Among the records that follow, find the line with "ultimately obtain c" and the line with "unfolding R_def by (metis". Set down those lines and all lines between them exactly, without adding anything.

- **Dataset entries**:
- - -
(* An unbounded element of OmegaTau_A contains a generator: otherwise all its words consist of
   inverse letters and the unit bounds it. So phi maps the unbounded elements into the copy
   {(j, c_j)} of G and, membership of a fixed word being a clopen condition, maps their closure
   OmegaTilde_A continuously into GammaTilde_A. Conversely, as A has no zero rows we may fix
   successors A(i, nx i); for every j the ray j, nx j, nx^2 j, ... together with all A-admissible
   descents along inverse letters is an unbounded element lying over (j, c_j). Hence the compact
   image of OmegaTilde_A contains a dense subset of GammaTilde_A and is all of it; only {e} lies
   over (star, 0).
   Functions on G that extend continuously to GammaTilde_A form a *-algebra closed under uniform
   limits, because extending does not increase the sup norm; it contains 1, delta_i and rho_i,
   whose extensions are indicators of clopen sets. Thus psi f = hat f o phi is a contractive
   *-homomorphism which is inverted by evaluation at points over (j, c_j), hence isometric, and it
   carries the C*-algebra generated by a set onto the one generated by its image. *)

section \<open>Reduced words and convexity\<close>

lemma flip_letter_flip_letter [simp]: "flip_letter (flip_letter a) = a"
  by (cases a) (simp add: flip_letter_def)

lemma flip_letter_eq_iff: "flip_letter a = b \<longleftrightarrow> a = flip_letter b"
  by auto

lemma reduced_Cons_iff: "reduced (a # w) \<longleftrightarrow> reduced w \<and> (w = [] \<or> hd w \<noteq> flip_letter a)"
  by (cases w) auto

lemma reduced_append:
  "reduced (u @ v) \<longleftrightarrow> reduced u \<and> reduced v \<and> (u = [] \<or> v = [] \<or> hd v \<noteq> flip_letter (last u))"
  by (induction u) (auto simp: reduced_Cons_iff)

lemma reduced_take: "reduced w \<Longrightarrow> reduced (take k w)"
  by (metis append_take_drop_id reduced_append)

lemma reduced_if_list_all: "list_all (\<lambda>l. snd l = b) w \<Longrightarrow> reduced w"
  by (induction w) (auto simp: reduced_Cons_iff flip_letter_def neq_Nil_conv)

lemma fg_inv_Nil [simp]: "fg_inv [] = []"
  by (simp add: fg_inv_def)

lemma fg_inv_append: "fg_inv (u @ v) = fg_inv v @ fg_inv u"
  by (simp add: fg_inv_def)

lemma fg_inv_fg_inv [simp]: "fg_inv (fg_inv u) = u"
  by (simp add: fg_inv_def rev_map comp_def)

lemma length_fg_inv [simp]: "length (fg_inv u) = length u"
  by (simp add: fg_inv_def)

lemma reduced_fg_inv: "reduced w \<Longrightarrow> reduced (fg_inv w)"
proof (induction w)
  case (Cons a w)
  then show ?case
    by (auto simp: reduced_Cons_iff fg_inv_def reduced_append last_rev last_map hd_map flip_letter_eq_iff)
qed simp

lemma fg_mult_cancel: "fg_mult (u @ fg_inv c) (c @ v) = fg_mult u v"
proof -
  have "foldl push_letter (map flip_letter c @ r) c = r" for r
    by (induction c) auto
  then show ?thesis
    by (simp add: fg_mult_def fg_inv_def rev_map)
qed

lemma fg_mult_Nil_right [simp]: "fg_mult u [] = u"
  by (simp add: fg_mult_def)

lemma fg_mult_reduced_append: "reduced (u @ v) \<Longrightarrow> fg_mult u v = u @ v"
proof -
  have "reduced (u @ v) \<Longrightarrow> foldl push_letter (rev u) v = rev v @ rev u" for u
  proof (induction v arbitrary: u)
    case (Cons a v)
    have "push_letter (rev u) a = a # rev u"
      using Cons.prems by (cases u rule: rev_cases) (auto simp: reduced_append flip_letter_eq_iff)
    then show ?case
      using Cons.IH[of "u @ [a]"] Cons.prems by simp
  qed simp
  then show "reduced (u @ v) \<Longrightarrow> fg_mult u v = u @ v"
    by (simp add: fg_mult_def)
qed

lemma fg_mult_Nil_gen [simp]: "fg_mult [] (gen y) = gen y"
  and fg_mult_Nil_gen_inv [simp]: "fg_mult [] (gen_inv y) = gen_inv y"
  by (simp_all add: fg_mult_def gen_def gen_inv_def)

lemma fg_mult_singleton:
  "fg_mult u [a] = (if u \<noteq> [] \<and> last u = flip_letter a then butlast u else u @ [a])"
  by (cases u rule: rev_cases) (simp_all add: fg_mult_def)
lemma not_connected_from_beyond:
  assumes in_X: "a \<in> X" "l \<in> X" "r \<in> X" "h \<in> X" "b \<in> X"
    and X_P: "\<And>x. x \<in> X \<Longrightarrow> x \<in> P \<Longrightarrow> x = a \<or> (E x h \<and> \<not> E x b)"
    and X_Q: "\<And>x. x \<in> X \<Longrightarrow> x \<in> Q \<Longrightarrow> between rk t b x"
    and beyond: "t \<in> Q" "rk t \<noteq> rk b"
    and far: "t \<in> far_from E X" "t' \<in> far_from E X" "E t t'"
  shows "\<not> E\<^sup>*\<^sup>* t b"
proof
  define D where "D = far_from E X"
  define R where "R u v \<longleftrightarrow> E u v \<and> u \<in> D \<and> v \<in> D" for u v
  have D_far: "u \<notin> X" "\<not> E u x" if "u \<in> D" "x \<in> X" for u x
    using that unfolding D_def far_from_def by auto
  assume "E\<^sup>*\<^sup>* t b"
  moreover have "b \<notin> D" using D_far in_X(5) by blast
  ultimately obtain c w where "R\<^sup>*\<^sup>* t c" "c \<in> D" "E c w" "w \<notin> D"
    using rtranclp_leave_set[of E t b D] far(1) unfolding D_def R_def by blast
  have side: "(c \<in> Q \<longrightarrow> \<not> between rk t b c) \<and> (c \<in> P \<longrightarrow> (\<forall>s. E c s \<longrightarrow> \<not> between rk t b s))"
    using far_path_stays_on_side[OF parts(5) beyond, of D c] D_far in_X(5) \<open>R\<^sup>*\<^sup>* t c\<close>
    unfolding R_def by (metis (no_types, lifting) edge_sym)
  have "w \<notin> X" using D_far \<open>c \<in> D\<close> \<open>E c w\<close> by blast
  with \<open>w \<notin> D\<close> obtain x where "x \<in> X" "E w x"
    unfolding D_def far_from_def by blast
  consider "c \<in> Q" | "c \<in> P" using edge_parts[OF \<open>E c w\<close>] by blast
  then show False
  proof cases
    case 1
    have "symp R" "R t t'"
      using edge_sym far unfolding symp_def R_def D_def by blast+
    then obtain p where "R c p"
      using rtranclp_end_has_neighbour \<open>R\<^sup>*\<^sup>* t c\<close> by metis
    have "x \<in> Q"
      using edge_P_Q[OF edge_sym[OF \<open>E c w\<close>] 1] edge_Q_P[OF edge_sym[OF \<open>E w x\<close>]] by blast
    then have "between rk c b x"
      using side 1 X_Q[OF \<open>x \<in> X\<close>] unfolding between_def by linarith
    with 1 \<open>R c p\<close> \<open>c \<in> D\<close> show False
      using no_exit_from_Q[OF 1 _ _ _ _ \<open>E c w\<close> \<open>E w x\<close> \<open>x \<in> Q\<close>] D_far in_X
      unfolding R_def by blast
  next
    case 2
    have "x \<in> P"
      using edge_Q_P[OF edge_sym[OF \<open>E c w\<close>] 2] edge_P_Q[OF edge_sym[OF \<open>E w x\<close>]] by blast
    have "\<not> between rk t b w" using side 2 \<open>E c w\<close> by blast
    then have "between rk w b h"
      using X_Q[OF in_X(4) parts(4)] unfolding between_def by linarith
    with 2 \<open>c \<in> D\<close> show False
      using no_exit_from_P[OF 2 _ \<open>E c w\<close> _ \<open>E w x\<close> \<open>x \<in> P\<close> X_P[OF \<open>x \<in> X\<close> \<open>x \<in> P\<close>]]
        D_far in_X by blast
  qed
qed

end

definition gadget_adj :: "nat \<Rightarrow> nat \<Rightarrow> bool" where
  "gadget_adj i j \<longleftrightarrow> {i, j} \<in> {{0,4}, {1,3}, {1,4}, {1,5}, {2,4}, {2,5}, {2,6}}"

lemma gadget_adj_intervals:
  "gadget_adj i m \<longleftrightarrow>
     (i = 0 \<and> m = 4) \<or> (i = 1 \<and> 3 \<le> m \<and> m \<le> 5) \<or> (i = 2 \<and> 4 \<le> m \<and> m \<le> 6) \<or>
     (i = 3 \<and> m = 1) \<or> (i = 4 \<and> m \<le> 2) \<or> (i = 5 \<and> 1 \<le> m \<and> m \<le> 2) \<or> (i = 6 \<and> m = 2)"
  unfolding gadget_adj_def insert_iff empty_iff doubleton_eq_iff by presburger
lemma second_moment_noise_diff_le:
  fixes P :: "'s::finite \<Rightarrow> 'act::{finite,linorder} \<Rightarrow> 's pmf"
  assumes "\<And>q. \<bar>QA q\<bar> \<le> B" "\<And>q. \<bar>QB q\<bar> \<le> B" "0 \<le> \<gamma>" "\<gamma> \<le> 1"
  shows "(\<Sum>z\<in>UNIV. pmf (sample_pmf d P) z * (l2norm (noise_diff P r \<gamma> d (QA, QB) z))\<^sup>2) \<le> (4 * B)\<^sup>2"
proof -
  let ?w = "pmf (sample_pmf d P)"
  define Y where "Y = (\<lambda>z q. td_sample r \<gamma> QA QB z q - td_sample r \<gamma> QB QA z q)"
  have "(\<Sum>z\<in>UNIV. ?w z * (l2norm (noise_diff P r \<gamma> d (QA, QB) z))\<^sup>2)
      = (\<Sum>q\<in>UNIV. \<Sum>z\<in>UNIV. ?w z * (Y z q - (\<Sum>z'\<in>UNIV. ?w z' * Y z' q))\<^sup>2)"
    unfolding power2_l2norm noise_diff_eq_centered Y_def sum_distrib_left by (rule sum.swap)
  also have "\<dots> \<le> (\<Sum>q\<in>UNIV. \<Sum>z\<in>UNIV. ?w z * (Y z q)\<^sup>2)"
    by (intro sum_mono sum_pmf_centered_square_le)
  also have "\<dots> = (\<Sum>z\<in>UNIV. ?w z * (l2norm (Y z))\<^sup>2)"
    unfolding power2_l2norm sum_distrib_left by (rule sum.swap)
  also have "\<dots> \<le> (\<Sum>z\<in>UNIV. ?w z * (4 * B)\<^sup>2)"
    unfolding Y_def using l2norm_td_sample_diff_le[OF assms]
    by (intro sum_mono mult_left_mono power_mono l2norm_nonneg) auto
  also have "\<dots> = (4 * B)\<^sup>2" by (simp add: sum_distrib_right[symmetric] sum_pmf_UNIV)
  finally show ?thesis .
qed

section \<open>Boundedness of the SDQ iterates\<close>

definition sdq_of_list ::
  "real \<Rightarrow> real \<Rightarrow> ('s \<Rightarrow> 'act \<Rightarrow> 's \<Rightarrow> real) \<Rightarrow> ('s, 'act::{finite,linorder}) qfun \<Rightarrow> ('s, 'act) qfun
    \<Rightarrow> ('s \<times> 'act \<times> 's) list \<Rightarrow> ('s, 'act) qfun \<times> ('s, 'act) qfun" where
  "sdq_of_list \<alpha> \<gamma> r QA0 QB0 = foldl (sdq_step \<alpha> \<gamma> r) (QA0, QB0)"

lemma sdq_eq_sdq_of_list: "sdq \<alpha> \<gamma> r QA0 QB0 k \<omega> = sdq_of_list \<alpha> \<gamma> r QA0 QB0 (stake k \<omega>)"
  by (induction k) (simp_all add: sdq_of_list_def stake_Suc del: stake.simps(2))

lemma abs_td_update_le:
  fixes u v rr B \<alpha> \<gamma> :: real
  assumes "\<bar>u\<bar> \<le> B" "\<bar>v\<bar> \<le> B" "\<bar>rr\<bar> \<le> 1" "0 \<le> \<alpha>" "\<alpha> \<le> 1" "0 \<le> \<gamma>" "1 + \<gamma> * B \<le> B"
  shows "\<bar>u + \<alpha> * (rr + \<gamma> * v - u)\<bar> \<le> B"
proof -
  have "\<bar>\<gamma> * v\<bar> \<le> \<gamma> * B"
    using assms(2,6) by (simp add: abs_mult mult_left_mono)
  then have "\<bar>rr + \<gamma> * v\<bar> \<le> B"
    using assms(3,7) abs_triangle_ineq[of rr "\<gamma> * v"] by linarith
  then have "\<bar>(1 - \<alpha>) * u + \<alpha> * (rr + \<gamma> * v)\<bar> \<le> (1 - \<alpha>) * B + \<alpha> * B"
    using assms(1,4,5) abs_triangle_ineq[of "(1 - \<alpha>) * u" "\<alpha> * (rr + \<gamma> * v)"]
      mult_left_mono[of "\<bar>u\<bar>" B "1 - \<alpha>"] mult_left_mono[of "\<bar>rr + \<gamma> * v\<bar>" B \<alpha>]
    by (simp add: abs_mult)
  then show ?thesis by (simp add: algebra_simps)
qed

lemma sdq_of_list_bounded:
  assumes "\<And>q. \<bar>QA0 q\<bar> \<le> B" "\<And>q. \<bar>QB0 q\<bar> \<le> B" "\<And>s a s'. \<bar>r s a s'\<bar> \<le> 1"
    and "0 \<le> \<alpha>" "\<alpha> \<le> 1" "0 \<le> \<gamma>" "1 + \<gamma> * B \<le> B"
  shows "\<bar>fst (sdq_of_list \<alpha> \<gamma> r QA0 QB0 ys) q\<bar> \<le> B \<and> \<bar>snd (sdq_of_list \<alpha> \<gamma> r QA0 QB0 ys) q\<bar> \<le> B"
proof (induction ys arbitrary: q rule: rev_induct)
  case Nil
  then show ?case using assms(1,2) by (simp add: sdq_of_list_def)
next
  case (snoc z ys)
  obtain QA QB where QQ: "sdq_of_list \<alpha> \<gamma> r QA0 QB0 ys = (QA, QB)" by fastforce
  from snoc.IH have QA: "\<And>q. \<bar>QA q\<bar> \<le> B" and QB: "\<And>q. \<bar>QB q\<bar> \<le> B"
    unfolding QQ by simp_all
  obtain s a s' where z: "z = (s, a, s')" by (cases z) auto
  show ?case
    using QQ abs_td_update_le[OF QA QA assms(3-7)] abs_td_update_le[OF QB QB assms(3-7)]
    by (simp add: sdq_of_list_def z sdq_step_def QA QB)
qed

section \<open>The expected update operator\<close>

text \<open>The matrix I + \<alpha>\<gamma>DP\<Pi>_\<pi> - \<alpha>D of the paper, for an arbitrary policy \<pi>.\<close>
definition update_op ::
  "('s::finite \<Rightarrow> 'act \<Rightarrow> 's pmf) \<Rightarrow> ('s \<times> 'act) pmf \<Rightarrow> real \<Rightarrow> real \<Rightarrow> ('s \<Rightarrow> 'act)
    \<Rightarrow> ('s, 'act) qfun \<Rightarrow> ('s, 'act) qfun" where
  "update_op P d \<alpha> \<gamma> \<pi> E = (\<lambda>(x, y). E (x, y)
      + \<alpha> * \<gamma> * pmf d (x, y) * (\<Sum>t\<in>UNIV. pmf (P x y) t * E (t, \<pi> t))
      - \<alpha> * pmf d (x, y) * E (x, y))"

lemma update_op_zero: "update_op P d \<alpha> \<gamma> \<pi> (\<lambda>_. 0) p = 0"
  by (cases p) (simp add: update_op_def)

lemma update_op_add:
  "update_op P d \<alpha> \<gamma> \<pi> (\<lambda>q. u q + v q) p = update_op P d \<alpha> \<gamma> \<pi> u p + update_op P d \<alpha> \<gamma> \<pi> v p"
  by (cases p) (simp add: update_op_def algebra_simps sum.distrib)

lemma update_op_scale: "update_op P d \<alpha> \<gamma> \<pi> (\<lambda>q. c * v q) p = c * update_op P d \<alpha> \<gamma> \<pi> v p"
  by (cases p) (simp add: update_op_def algebra_simps sum_distrib_left)

lemma update_op_sum:
  "update_op P d \<alpha> \<gamma> \<pi> (\<lambda>q. \<Sum>i\<in>A. g i q) p = (\<Sum>i\<in>A. update_op P d \<alpha> \<gamma> \<pi> (g i) p)"
  by (induction A rule: infinite_finite_induct) (simp_all add: update_op_zero update_op_add)

lemma update_op_pow_sum:
  "(update_op P d \<alpha> \<gamma> \<pi> ^^ m) (\<lambda>q. \<Sum>i\<in>A. g i q) p = (\<Sum>i\<in>A. (update_op P d \<alpha> \<gamma> \<pi> ^^ m) (g i) p)"
proof (induction m arbitrary: p)
  case (Suc m)
  have "(update_op P d \<alpha> \<gamma> \<pi> ^^ m) (\<lambda>q. \<Sum>i\<in>A. g i q) = (\<lambda>q. \<Sum>i\<in>A. (update_op P d \<alpha> \<gamma> \<pi> ^^ m) (g i) q)"
    by (rule ext) (rule Suc.IH)
  then show ?case by (simp add: update_op_sum)
qed simp

lemma update_op_pow_scale:
  "(update_op P d \<alpha> \<gamma> \<pi> ^^ m) (\<lambda>q. c * v q) p = c * (update_op P d \<alpha> \<gamma> \<pi> ^^ m) v p"
proof (induction m arbitrary: p)
  case (Suc m)
  have "(update_op P d \<alpha> \<gamma> \<pi> ^^ m) (\<lambda>q. c * v q) = (\<lambda>q. c * (update_op P d \<alpha> \<gamma> \<pi> ^^ m) v q)"
    by (rule ext) (rule Suc.IH)
  then show ?case by (simp add: update_op_scale)
qed simp

lemma abs_update_op_le:
  assumes "0 \<le> \<gamma>" "\<gamma> \<le> 1" "0 \<le> \<alpha>" "\<alpha> \<le> 1" "\<And>q. dm \<le> pmf d q" "\<And>q. \<bar>v q\<bar> \<le> c"
  shows "\<bar>update_op P d \<alpha> \<gamma> \<pi> v p\<bar> \<le> (1 - \<alpha> * dm * (1 - \<gamma>)) * c"
proof -
  obtain x y where p: "p = (x, y)" by fastforce
  define D where "D = pmf d (x, y)"
  define S where "S = (\<Sum>t\<in>UNIV. pmf (P x y) t * v (t, \<pi> t))"
  have "\<bar>S\<bar> \<le> (\<Sum>t\<in>UNIV. pmf (P x y) t * c)"
    unfolding S_def using assms(6)
    by (intro order_trans[OF sum_abs] sum_mono) (simp add: abs_mult mult_left_mono)
  then have S: "\<bar>S\<bar> \<le> c" by (simp add: sum_distrib_right[symmetric] sum_pmf_UNIV)
  have "\<alpha> * D \<le> 1" unfolding D_def using assms(3,4) by (intro mult_le_one) (simp_all add: pmf_le_1)
  then have "\<bar>(1 - \<alpha> * D) * v (x, y) + \<alpha> * \<gamma> * D * S\<bar> \<le> (1 - \<alpha> * D) * c + \<alpha> * \<gamma> * D * c"
    using assms(1,3,6) S unfolding D_def
    by (intro order_trans[OF abs_triangle_ineq] add_mono) (auto simp: abs_mult intro!: mult_left_mono)
  also have "\<dots> = (1 - \<alpha> * D * (1 - \<gamma>)) * c" by (simp add: algebra_simps)
  also have "\<dots> \<le> (1 - \<alpha> * dm * (1 - \<gamma>)) * c"
    using assms S unfolding D_def
    by (intro mult_right_mono diff_left_mono mult_right_mono mult_left_mono) auto
  finally show ?thesis by (simp add: p update_op_def D_def S_def algebra_simps)
qed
- - -
- **SOLUTION**:
  ultimately obtain c w where "R\<^sup>*\<^sup>* t c" "c \<in> D" "E c w" "w \<notin> D"
    using rtranclp_leave_set[of E t b D] far(1) unfolding D_def R_def by blast
  have side: "(c \<in> Q \<longrightarrow> \<not> between rk t b c) \<and> (c \<in> P \<longrightarrow> (\<forall>s. E c s \<longrightarrow> \<not> between rk t b s))"
    using far_path_stays_on_side[OF parts(5) beyond, of D c] D_far in_X(5) \<open>R\<^sup>*\<^sup>* t c\<close>
    unfolding R_def by (metis (no_types, lifting) edge_sym)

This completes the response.